The integrated signal shows very high correlation with the various solar indices, whereas the frequency shift corresponding to $\ell = 1$, 3 and, more significantly, $\ell = 0$, 2 are slightly lower. The general trend of the frequency shift corresponding to the even and odd degree modes separately is quite clear but, in addition to the difference in amplitude already mentioned, the frequency shifts measured for the even modes seem to be sensitive to the solar cycle later than the odd ones and the resulting difference in phase between the two curves is probably at the origin of the lower correlation coefficients found for $\ell = 0$, 2. As demonstrated by Moreno-Insertis & Solanki (2000) different modes would respond differently at different phases of the cycle depending on the positions of the activity (i.e. sunspots) on the disk. Aside of the long term differences, there are also fluctuations at shorter time scales which are different for the two data sets.

Because of the excellent linear correlation coefficients found, the frequency shifts were fitted as a linear function of the different solar indices I by:

$$\Delta\nu^i=a + b \cdot I^i.$$ (4)

In Table 2 we report the intercepts and the slopes obtained for all the solar indices considered, and an example is given for the radio flux in the lower part of Fig. 2. The slopes can be compared with the results shown in Table 1 of Régulo et al. (1994) also obtained for low-degree p-modes. The three solar indices in common to both works present similar slopes; the differences are less than 3 times our error bars. Notice that, more or less, all activity indices used here produce similar values of the correlation coefficient with the frequency shifts leading to the conclusion than none is much better, for this purpose, than others.

The numbers also agree with those obtained recently by Jain et al. (2000) for intermediate-degrees ($\ell = 20$-100) using GONG data. However, intermediate degree modes are confined closer to the surface and one may expect them to be more sensitive to the activity changes and therefore the slope to be larger for those modes than for low-degree modes. This is indeed what we found analyzing LOWL data (Jiménez-Reyes et al. 2001) but, as we shall see, this depends also strongly on the range of frequencies considered to calculate the average values.

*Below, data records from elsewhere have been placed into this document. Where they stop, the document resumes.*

lemma odd_part_mvec: "odd_part (mvec x0 x1 x2 x3 x4 x5 x6 x7) = mvec 0 x1 x2 0 x4 0 0 x7"
  unfolding vec_eq_iff all_blade by (simp add: mvec_def odd_part_def grade_part_def grade_def)

lemma cconj_mvec:
  "cconj (mvec x0 x1 x2 x3 x4 x5 x6 x7) = mvec x0 (-x1) (-x2) (-x3) (-x4) (-x5) (-x6) x7"
  unfolding vec_eq_iff all_blade by (simp add: mvec_def cconj_def reversion_def inversion_def
      even_part_def odd_part_def grade_part_def grade_def)

lemma gprod_mvec:
  "gprod lam (mvec x0 x1 x2 x3 x4 x5 x6 x7) (mvec y0 y1 y2 y3 y4 y5 y6 y7) =
   mvec
    (x0 * y0 + lam 3 * x1 * y1 + lam 2 * x2 * y2 - lam 2 * lam 3 * x3 * y3 + lam 1 * x4 * y4
      - lam 1 * lam 3 * x5 * y5 - lam 1 * lam 2 * x6 * y6 - lam 1 * lam 2 * lam 3 * x7 * y7)
    (x0 * y1 + x1 * y0 + lam 2 * x2 * y3 - lam 2 * x3 * y2 + lam 1 * x4 * y5 - lam 1 * x5 * y4
      - lam 1 * lam 2 * x6 * y7 - lam 1 * lam 2 * x7 * y6)
    (x0 * y2 - lam 3 * x1 * y3 + x2 * y0 + lam 3 * x3 * y1 + lam 1 * x4 * y6
      + lam 1 * lam 3 * x5 * y7 - lam 1 * x6 * y4 + lam 1 * lam 3 * x7 * y5)
    (x0 * y3 - x1 * y2 + x2 * y1 + x3 * y0 + lam 1 * x4 * y7 + lam 1 * x5 * y6 - lam 1 * x6 * y5
      + lam 1 * x7 * y4)
    (x0 * y4 - lam 3 * x1 * y5 - lam 2 * x2 * y6 - lam 2 * lam 3 * x3 * y7 + x4 * y0
      + lam 3 * x5 * y1 + lam 2 * x6 * y2 - lam 2 * lam 3 * x7 * y3)
    (x0 * y5 - x1 * y4 - lam 2 * x2 * y7 - lam 2 * x3 * y6 + x4 * y1 + x5 * y0 + lam 2 * x6 * y3
      - lam 2 * x7 * y2)
    (x0 * y6 + lam 3 * x1 * y7 - x2 * y4 + lam 3 * x3 * y5 + x4 * y2 - lam 3 * x5 * y3 + x6 * y0
      + lam 3 * x7 * y1)
    (x0 * y7 + x1 * y6 - x2 * y5 + x3 * y4 + x4 * y3 - x5 * y2 + x6 * y1 + x7 * y0)"
  unfolding vec_eq_iff all_blade gprod_def vec_lambda_beta sum_blade
  by (simp add: mvec_def blade_xor_def blade_sign_def blade_lam_def algebra_simps)

lemma bullet_mvec:
  "bullet lam (mvec x0 x1 x2 x3 x4 x5 x6 x7) (mvec y0 y1 y2 y3 y4 y5 y6 y7) =
   mvec
    (x0 * y0 - lam 3 * x1 * y1 - lam 2 * x2 * y2 - lam 2 * lam 3 * x3 * y3 - lam 1 * x4 * y4
      - lam 1 * lam 3 * x5 * y5 - lam 1 * lam 2 * x6 * y6 - lam 1 * lam 2 * lam 3 * x7 * y7)
    (x0 * y1 + x1 * y0 - lam 2 * x2 * y3 + lam 2 * x3 * y2 - lam 1 * x4 * y5 + lam 1 * x5 * y4
      - lam 1 * lam 2 * x6 * y7 + lam 1 * lam 2 * x7 * y6)
    (x0 * y2 + lam 3 * x1 * y3 + x2 * y0 - lam 3 * x3 * y1 - lam 1 * x4 * y6
      + lam 1 * lam 3 * x5 * y7 + lam 1 * x6 * y4 - lam 1 * lam 3 * x7 * y5)
    (x0 * y3 - x1 * y2 + x2 * y1 + x3 * y0 + lam 1 * x4 * y7 + lam 1 * x5 * y6 - lam 1 * x6 * y5
      - lam 1 * x7 * y4)
    (x0 * y4 + lam 3 * x1 * y5 + lam 2 * x2 * y6 - lam 2 * lam 3 * x3 * y7 + x4 * y0
      - lam 3 * x5 * y1 - lam 2 * x6 * y2 + lam 2 * lam 3 * x7 * y3)
    (x0 * y5 - x1 * y4 - lam 2 * x2 * y7 - lam 2 * x3 * y6 + x4 * y1 + x5 * y0 + lam 2 * x6 * y3
      + lam 2 * x7 * y2)
    (x0 * y6 + lam 3 * x1 * y7 - x2 * y4 + lam 3 * x3 * y5 + x4 * y2 - lam 3 * x5 * y3 + x6 * y0
      - lam 3 * x7 * y1)
    (x0 * y7 - x1 * y6 + x2 * y5 + x3 * y4 - x4 * y3 - x5 * y2 + x6 * y1 + x7 * y0)"
  unfolding bullet_def even_part_mvec odd_part_mvec cconj_mvec gprod_mvec vec_eq_iff all_blade
  by (simp add: mvec_def algebra_simps)

lemma normN_mvec:
  "normN lam (mvec x0 x1 x2 x3 x4 x5 x6 x7) =
    x0\<^sup>2 + lam 3 * x1\<^sup>2 + lam 2 * x2\<^sup>2 + lam 2 * lam 3 * x3\<^sup>2 + lam 1 * x4\<^sup>2
    + lam 1 * lam 3 * x5\<^sup>2 + lam 1 * lam 2 * x6\<^sup>2 + lam 1 * lam 2 * lam 3 * x7\<^sup>2"
  unfolding normN_def full_inv_mvec bullet_mvec
  by (simp add: scalar_part_def mvec_def algebra_simps power2_eq_square)

lemma normN_eq_sum: "normN lam x = (\<Sum>A\<in>UNIV. blade_lam lam A A * (x $ A)\<^sup>2)"
  by (induct x rule: mvec_induct)
    (simp only: normN_mvec sum_blade, simp add: mvec_def blade_lam_def)

lemma normN_bullet: "normN lam (bullet lam x y) = normN lam x * normN lam y"
  by (induct x rule: mvec_induct; induct y rule: mvec_induct)
    (simp only: bullet_mvec normN_mvec, algebra)

lemma bullet_mv_one_left: "bullet lam mv_one x = x"
  by (induct x rule: mvec_induct) (simp add: mv_one_mvec bullet_mvec mvec_eq_iff)

lemma bullet_mv_one_right: "bullet lam x mv_one = x"
  by (induct x rule: mvec_induct) (simp add: mv_one_mvec bullet_mvec mvec_eq_iff)

lemma bullet_full_inv: "bullet lam x (full_inv x) = normN lam x *\<^sub>R mv_one"
  by (induct x rule: mvec_induct)
    (simp only: mv_one_mvec full_inv_mvec bullet_mvec normN_mvec scaleR_mvec,
     simp add: mvec_eq_iff algebra_simps power2_eq_square)

lemma nondeg_quadratic_form_normN:
  assumes "lam 1 \<noteq> 0" "lam 2 \<noteq> 0" "lam 3 \<noteq> 0"
  shows "nondeg_quadratic_form (normN lam)"
proof -
  have "blade_lam lam A A \<noteq> 0" for A
    using assms by (cases A) (simp add: blade_lam_def)
  then show ?thesis
    unfolding normN_eq_sum by (rule nondeg_quadratic_form_diagonal)
qed
(* Let $(\Omega,\mathcal F,\mu)$ be a measure space, $p\in[1,\infty)$, $f\in L^p(\Omega,\mathcal F,\mu)$, and $1\le m<k$ integers. If there exists $g\in\mathscr G_{p,m}$ with $\|f-g\|_p=\mathscr D_{p,k}(f)$, then $f\in\mathscr G_{p,m}$ (i.e. $f$ coincides $\mu$-a.e. with an element of $\mathscr G_{p,m}$).
   Context: All measures are assumed not identically zero. $\mathscr G_{p,k}$ is the set of functions $\sum_{i=1}^l a_i\mathbf 1_{A_i}\in L^p$ with $l\le k$, $\{A_i\}$ a measurable partition of $\Omega$, $a_i\in\mathbb R$; $\mathscr D_{p,k}(f)=\inf\{\|f-h\|_p:\ h\in\mathscr G_{p,k}\}$. *)

theory Defs
  imports "HOL-Analysis.Analysis"
begin

definition memLp :: "'a measure \<Rightarrow> real \<Rightarrow> ('a \<Rightarrow> real) \<Rightarrow> bool" where
  "memLp M p f \<longleftrightarrow> f \<in> borel_measurable M \<and> integrable M (\<lambda>x. \<bar>f x\<bar> powr p)"

definition Lp_norm :: "'a measure \<Rightarrow> real \<Rightarrow> ('a \<Rightarrow> real) \<Rightarrow> real" where
  "Lp_norm M p f = (integral\<^sup>L M (\<lambda>x. \<bar>f x\<bar> powr p)) powr (1 / p)"

definition Gpk :: "'a measure \<Rightarrow> real \<Rightarrow> nat \<Rightarrow> ('a \<Rightarrow> real) set" where
  "Gpk M p k = {h. memLp M p h \<and>
     (\<exists>l::nat. \<exists>a::nat \<Rightarrow> real. \<exists>A::nat \<Rightarrow> 'a set.
        l \<le> k \<and> (\<forall>i<l. A i \<in> sets M) \<and> disjoint_family_on A {..<l} \<and>
        (\<Union>i<l. A i) = space M \<and>
        (\<forall>x. h x = (\<Sum>i<l. a i * indicator (A i) x)))}"

definition Dpk :: "'a measure \<Rightarrow> real \<Rightarrow> nat \<Rightarrow> ('a \<Rightarrow> real) \<Rightarrow> real" where
  "Dpk M p k f = Inf {Lp_norm M p (\<lambda>x. f x - h x) | h. h \<in> Gpk M p k}"

end

theory Submission
  imports Defs
begin

text \<open>
  Suppose \<open>g \<in> \<G>\<^sub>p\<^sub>,\<^sub>m\<close> attains \<open>\<D>\<^sub>p\<^sub>,\<^sub>k(f)\<close> but \<open>f \<noteq> g\<close> on a set of positive measure.
  Since \<open>g\<close> takes finitely many values, some level set of \<open>g\<close> contains a set \<open>B\<close> of
  positive measure on which \<open>f - g\<close> keeps a fixed sign and stays \<open>\<epsilon>\<close> away from 0.
  Moving \<open>g\<close> by \<open>\<plusminus>\<epsilon>\<close> on \<open>B\<close> costs only one extra cell, so the result lies in
  \<open>\<G>\<^sub>p\<^sub>,\<^sub>m\<^sub>+\<^sub>1 \<subseteq> \<G>\<^sub>p\<^sub>,\<^sub>k\<close>, and it is strictly closer to \<open>f\<close> in \<open>L\<^sup>p\<close>: a contradiction.
\<close>

lemma abs_diff_powr_le:
  fixes x y p :: real
  assumes "0 \<le> p"
  shows "\<bar>x - y\<bar> powr p \<le> 2 powr p * (\<bar>x\<bar> powr p + \<bar>y\<bar> powr p)"
proof -
  have "\<bar>x - y\<bar> powr p \<le> (2 * max \<bar>x\<bar> \<bar>y\<bar>) powr p"
    by (intro powr_mono2 assms) auto
  also have "\<dots> = 2 powr p * max \<bar>x\<bar> \<bar>y\<bar> powr p"
    by (simp add: powr_mult)
  also have "\<dots> \<le> 2 powr p * (\<bar>x\<bar> powr p + \<bar>y\<bar> powr p)"
    by (intro mult_left_mono) (auto simp: max_def)
  finally show ?thesis .
qed

lemma memLp_diff:
  assumes "0 \<le> p" "memLp M p f" "memLp M p g"
  shows "memLp M p (\<lambda>x. f x - g x)"
proof -
  have meas: "f \<in> borel_measurable M" "g \<in> borel_measurable M"
    and int: "integrable M (\<lambda>x. \<bar>f x\<bar> powr p)" "integrable M (\<lambda>x. \<bar>g x\<bar> powr p)"
    using assms by (auto simp: memLp_def)
  have "integrable M (\<lambda>x. \<bar>f x - g x\<bar> powr p)"
  proof (rule Bochner_Integration.integrable_bound)
    show "integrable M (\<lambda>x. 2 powr p * (\<bar>f x\<bar> powr p + \<bar>g x\<bar> powr p))"
      using int by auto
    show "(\<lambda>x. \<bar>f x - g x\<bar> powr p) \<in> borel_measurable M"
      using meas by measurable
    show "AE x in M. norm (\<bar>f x - g x\<bar> powr p) \<le> norm (2 powr p * (\<bar>f x\<bar> powr p + \<bar>g x\<bar> powr p))"
      using abs_diff_powr_le[OF assms(1)] by auto
  qed
  then show ?thesis
    using meas by (auto simp: memLp_def)
qed

lemma memLp_dominated:
  assumes "0 \<le> p" "memLp M p w" "u \<in> borel_measurable M" "\<And>x. \<bar>u x\<bar> \<le> \<bar>w x\<bar>"
  shows "memLp M p u"
proof -
  have "integrable M (\<lambda>x. \<bar>u x\<bar> powr p)"
  proof (rule Bochner_Integration.integrable_bound)
    show "integrable M (\<lambda>x. \<bar>w x\<bar> powr p)"
      using assms(2) by (simp add: memLp_def)
    show "(\<lambda>x. \<bar>u x\<bar> powr p) \<in> borel_measurable M"
      using assms(3) by measurable
    show "AE x in M. norm (\<bar>u x\<bar> powr p) \<le> norm (\<bar>w x\<bar> powr p)"
      using assms(1,4) by (auto intro!: powr_mono2)
  qed
  then show ?thesis
    using assms(3) by (simp add: memLp_def)
qed

lemma Lp_norm_strict_mono:
  assumes "0 < p" "memLp M p w" "u \<in> borel_measurable M" "\<And>x. \<bar>u x\<bar> \<le> \<bar>w x\<bar>"
    and "B \<in> sets M" "emeasure M B \<noteq> 0" "\<And>x. x \<in> B \<Longrightarrow> \<bar>u x\<bar> < \<bar>w x\<bar>"
  shows "Lp_norm M p u < Lp_norm M p w"
proof -
  define d where "d x = \<bar>w x\<bar> powr p - \<bar>u x\<bar> powr p" for x
  have int_w: "integrable M (\<lambda>x. \<bar>w x\<bar> powr p)"
    using assms(2) by (simp add: memLp_def)
  have int_u: "integrable M (\<lambda>x. \<bar>u x\<bar> powr p)"
    using memLp_dominated[of p M w u] assms(1-4) by (simp add: memLp_def)
  have int_d: "integrable M d"
    using int_w int_u unfolding d_def by auto
  have d_nonneg: "AE x in M. 0 \<le> d x"
    using assms(1,4) by (auto simp: d_def intro!: powr_mono2)
  have d_pos: "0 < d x" if "x \<in> B" for x
    using assms(1) assms(7)[OF that] by (simp add: d_def powr_less_mono2)
  have "integral\<^sup>L M d \<noteq> 0"
  proof
    assume "integral\<^sup>L M d = 0"
    then have "AE x in M. d x = 0"
      using integral_nonneg_eq_0_iff_AE[OF int_d d_nonneg] by simp
    then have "AE x in M. x \<notin> B"
      by eventually_elim (use d_pos in fastforce)
    then have "B \<in> null_sets M"
      by (simp add: AE_iff_null_sets[OF assms(5)])
    with assms(6) show False
      by (simp add: null_sets_def)
  qed
  moreover have "0 \<le> integral\<^sup>L M d"
    using d_nonneg by (rule integral_nonneg_AE)
  ultimately have "integral\<^sup>L M (\<lambda>x. \<bar>u x\<bar> powr p) < integral\<^sup>L M (\<lambda>x. \<bar>w x\<bar> powr p)"
    using int_w int_u unfolding d_def by simp
  moreover have "0 \<le> integral\<^sup>L M (\<lambda>x. \<bar>u x\<bar> powr p)"
    by (rule integral_nonneg_AE) auto
  ultimately show ?thesis
    unfolding Lp_norm_def using assms(1) by (intro powr_less_mono2) auto
qed

lemma Dpk_le_Lp_norm:
  assumes "h \<in> Gpk M p k"
  shows "Dpk M p k f \<le> Lp_norm M p (\<lambda>x. f x - h x)"
  unfolding Dpk_def
proof (rule cInf_lower)
  show "Lp_norm M p (\<lambda>x. f x - h x) \<in> {Lp_norm M p (\<lambda>x. f x - h x) |h. h \<in> Gpk M p k}"
    using assms by blast
  show "bdd_below {Lp_norm M p (\<lambda>x. f x - h x) |h. h \<in> Gpk M p k}"
    by (rule bdd_belowI[of _ 0]) (auto simp: Lp_norm_def)
qed

lemma Gpk_mono:
  assumes "k \<le> k'"
  shows "Gpk M p k \<subseteq> Gpk M p k'"
proof
  fix h
  assume "h \<in> Gpk M p k"
  then show "h \<in> Gpk M p k'"
    using assms unfolding Gpk_def by (blast intro: order.trans)
qed

lemma Gpk_finite_range:
  assumes "h \<in> Gpk M p k"
  shows "finite (h ` space M)"
proof -
  obtain l a and A :: "nat \<Rightarrow> 'a set" where h: "\<And>x. h x = (\<Sum>i<l. a i * indicator (A i) x)"
    using assms unfolding Gpk_def by blast
  have "h x = sum a {i \<in> {..<l}. x \<in> A i}" for x
    unfolding h by (rule sum.mono_neutral_cong_right) (auto simp: indicator_def)
  then have "h ` space M \<subseteq> sum a ` Pow {..<l}"
    by auto
  then show ?thesis
    by (rule finite_subset) simp
qed

lemma Gpk_add_indicator:
  assumes g: "g \<in> Gpk M p k" and B: "B \<in> sets M" "\<And>x. x \<in> B \<Longrightarrow> g x = v"
    and h_Lp: "memLp M p (\<lambda>x. g x + c * indicator B x)"
  shows "(\<lambda>x. g x + c * indicator B x) \<in> Gpk M p (Suc k)"
proof -
  obtain l a and A :: "nat \<Rightarrow> 'a set" where l: "l \<le> k" and A_sets: "\<forall>i<l. A i \<in> sets M"
    and A_disj: "disjoint_family_on A {..<l}" and A_cover: "(\<Union>i<l. A i) = space M"
    and g_eq: "\<And>x. g x = (\<Sum>i<l. a i * indicator (A i) x)"
    using g unfolding Gpk_def by blast
  define A' where "A' i = (if i = l then B else A i - B)" for i
  define a' where "a' i = (if i = l then v + c else a i)" for i
  have "\<forall>i<Suc l. A' i \<in> sets M"
    using A_sets B(1) by (auto simp: A'_def less_Suc_eq)
  moreover have "disjoint_family_on A' {..<Suc l}"
    using A_disj unfolding disjoint_family_on_def A'_def by (auto simp: less_Suc_eq; blast)
  moreover have "(\<Union>i<Suc l. A' i) = space M"
    using A_cover sets.sets_into_space[OF B(1)]
    by (auto simp: A'_def lessThan_Suc)
  moreover have "g x + c * indicator B x = (\<Sum>i<Suc l. a' i * indicator (A' i) x)" for x
  proof (cases "x \<in> B")
    case True
    then show ?thesis
      using B(2) by (simp add: a'_def A'_def)
  next
    case False
    then show ?thesis
      by (simp add: a'_def A'_def g_eq indicator_def)
  qed
  ultimately show ?thesis
    using l h_Lp unfolding Gpk_def by (intro CollectI conjI exI[of _ "Suc l"] exI) auto
qed

text \<open>
  The sets \<open>{g = v, s (f - g) > 1 / (n + 1)}\<close> with \<open>s = \<plusminus>1\<close> form a countable cover of
  \<open>{f \<noteq> g}\<close>, so one of them has positive measure; on it, shifting \<open>g\<close> by \<open>s / (n + 1)\<close>
  brings it strictly closer to \<open>f\<close>.
\<close>

lemma ex_level_set_improvable:
  fixes f g :: "'a \<Rightarrow> real"
  assumes f: "f \<in> borel_measurable M" and g: "g \<in> borel_measurable M"
    and countable: "countable (g ` space M)" and ne: "\<not> (AE x in M. f x = g x)"
  obtains v c B where "B \<in> sets M" "emeasure M B \<noteq> 0" "\<And>x. x \<in> B \<Longrightarrow> g x = v"
    "\<And>x. x \<in> B \<Longrightarrow> \<bar>f x - (g x + c)\<bar> < \<bar>f x - g x\<bar>"
proof -
  define I where "I = g ` space M \<times> (UNIV :: nat set) \<times> {-1, 1 :: real}"
  define D where "D = (\<lambda>(v, n, s). {x \<in> space M. g x = v \<and> s * (f x - g x) > 1 / Suc n})"
  have D_sets: "D t \<in> sets M" for t
    using f g unfolding D_def by (cases t) simp
  have "\<exists>t\<in>I. emeasure M (D t) \<noteq> 0"
  proof (rule ccontr)
    assume "\<not> ?thesis"
    then have "(\<Union>t\<in>I. D t) \<in> null_sets M"
      using D_sets countable by (intro null_sets_UN') (auto simp: I_def null_sets_def)
    then have "AE x in M. x \<notin> (\<Union>t\<in>I. D t)"
      by (rule AE_not_in)
    moreover have "f x = g x" if x: "x \<in> space M" "x \<notin> (\<Union>t\<in>I. D t)" for x
    proof (rule ccontr)
      assume "f x \<noteq> g x"
      then obtain n where n: "1 / real (Suc n) < \<bar>f x - g x\<bar>"
        using reals_Archimedean[of "\<bar>f x - g x\<bar>"] by (auto simp: inverse_eq_divide)
      define s :: real where "s = (if f x - g x > 0 then 1 else -1)"
      have "x \<in> D (g x, n, s)"
        using x(1) n by (auto simp: D_def s_def)
      moreover have "(g x, n, s) \<in> I"
        using x(1) by (simp add: I_def s_def)
      ultimately show False
        using x(2) by blast
    qed
    ultimately have "AE x in M. f x = g x"
      by auto
    with ne show False ..
  qed
  then obtain v n s where t: "(v, n, s) \<in> I" "emeasure M (D (v, n, s)) \<noteq> 0"
    by auto
  have shift_closer: "\<bar>d - s' * e\<bar> < \<bar>d\<bar>" if "s' = 1 \<or> s' = -1" "e < s' * d" "0 < e"
    for d e s' :: real
    using that by auto
  show ?thesis
  proof (rule that[of "D (v, n, s)" v "s * (1 / Suc n)"])
    fix x
    assume x: "x \<in> D (v, n, s)"
    then show "g x = v"
      by (simp add: D_def)
    have "s = 1 \<or> s = -1" "1 / Suc n < s * (f x - g x)"
      using t(1) x by (auto simp: I_def D_def)
    then have "\<bar>f x - g x - s * (1 / Suc n)\<bar> < \<bar>f x - g x\<bar>"
      by (rule shift_closer) simp
    then show "\<bar>f x - (g x + s * (1 / Suc n))\<bar> < \<bar>f x - g x\<bar>"
      by (simp only: diff_diff_eq)
  qed (use t D_sets in auto)
qed

theorem proposition2p16:
  fixes M :: "'a measure" and p :: real and f :: "'a \<Rightarrow> real" and m k :: nat
  assumes "emeasure M (space M) \<noteq> 0"
    and "1 \<le> p"
    and "memLp M p f"
    and "1 \<le> m" and "m < k"
    and "\<exists>g \<in> Gpk M p m. Lp_norm M p (\<lambda>x. f x - g x) = Dpk M p k f"
  shows "\<exists>h \<in> Gpk M p m. AE x in M. f x = h x"
proof -
  obtain g where g: "g \<in> Gpk M p m" and g_opt: "Lp_norm M p (\<lambda>x. f x - g x) = Dpk M p k f"
    using assms(6) by blast
  have p: "0 < p" "0 \<le> p"
    using assms(2) by auto
  have g_Lp: "memLp M p g" and f_meas: "f \<in> borel_measurable M" and g_meas: "g \<in> borel_measurable M"
    using g assms(3) by (auto simp: Gpk_def memLp_def)
  have fg_Lp: "memLp M p (\<lambda>x. f x - g x)"
    using memLp_diff[OF p(2) assms(3) g_Lp] .
  show ?thesis
  proof (rule ccontr)
    assume "\<not> ?thesis"
    with g have "\<not> (AE x in M. f x = g x)"
      by blast
    then obtain v c B where B: "B \<in> sets M" "emeasure M B \<noteq> 0" "\<And>x. x \<in> B \<Longrightarrow> g x = v"
      and closer: "\<And>x. x \<in> B \<Longrightarrow> \<bar>f x - (g x + c)\<bar> < \<bar>f x - g x\<bar>"
      using ex_level_set_improvable[OF f_meas g_meas] countable_finite[OF Gpk_finite_range[OF g]]
      by metis
    define h where "h x = g x + c * indicator B x" for x
    have h_meas: "(\<lambda>x. f x - h x) \<in> borel_measurable M"
      using f_meas g_meas B(1) unfolding h_def by measurable
    have h_le: "\<bar>f x - h x\<bar> \<le> \<bar>f x - g x\<bar>" for x
      using closer[of x] by (cases "x \<in> B") (auto simp: h_def)
    have "memLp M p (\<lambda>x. f x - (f x - h x))"
      using memLp_diff[OF p(2) assms(3) memLp_dominated[OF p(2) fg_Lp h_meas h_le]] .
    then have "h \<in> Gpk M p k"
      using Gpk_add_indicator[OF g B(1,3)] Gpk_mono[of "Suc m" k M p] assms(5)
      unfolding h_def by auto
    then have "Lp_norm M p (\<lambda>x. f x - g x) \<le> Lp_norm M p (\<lambda>x. f x - h x)"
      unfolding g_opt by (rule Dpk_le_Lp_norm)
    moreover have "Lp_norm M p (\<lambda>x. f x - h x) < Lp_norm M p (\<lambda>x. f x - g x)"
      using Lp_norm_strict_mono[OF p(1) fg_Lp h_meas h_le B(1,2)] closer
      by (simp add: h_def)
    ultimately show False
      by simp
  qed
qed

end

The interpretation of the different behavior found for $\ell = 1$, 3 and $\ell = 0$, 2 is not straightforward. In order to understand better the underlying physics, one may instead look at the velocity power variations and at the frequency and $\ell$-dependences. This is considered in the following section.

Figure 3: Time variation of the TVP changes in percent compare to its minimum value (i.e. $100\cdot({\it TVP}^i-{\it TVP}_{\min})/{\it TVP}_{\min}$) for low-degree p-modes integrated between 2.5 and 3.7 mHz. In the sub-panel the TVP corresponding to $\ell = 1$, 3 and $\ell = 0$, 2 are also shown. The radio flux at 10.7 cm calculated for the same periods is plotted as a full line in the upper plot and its linear correlation with the frequency shift is shown in the lower plot.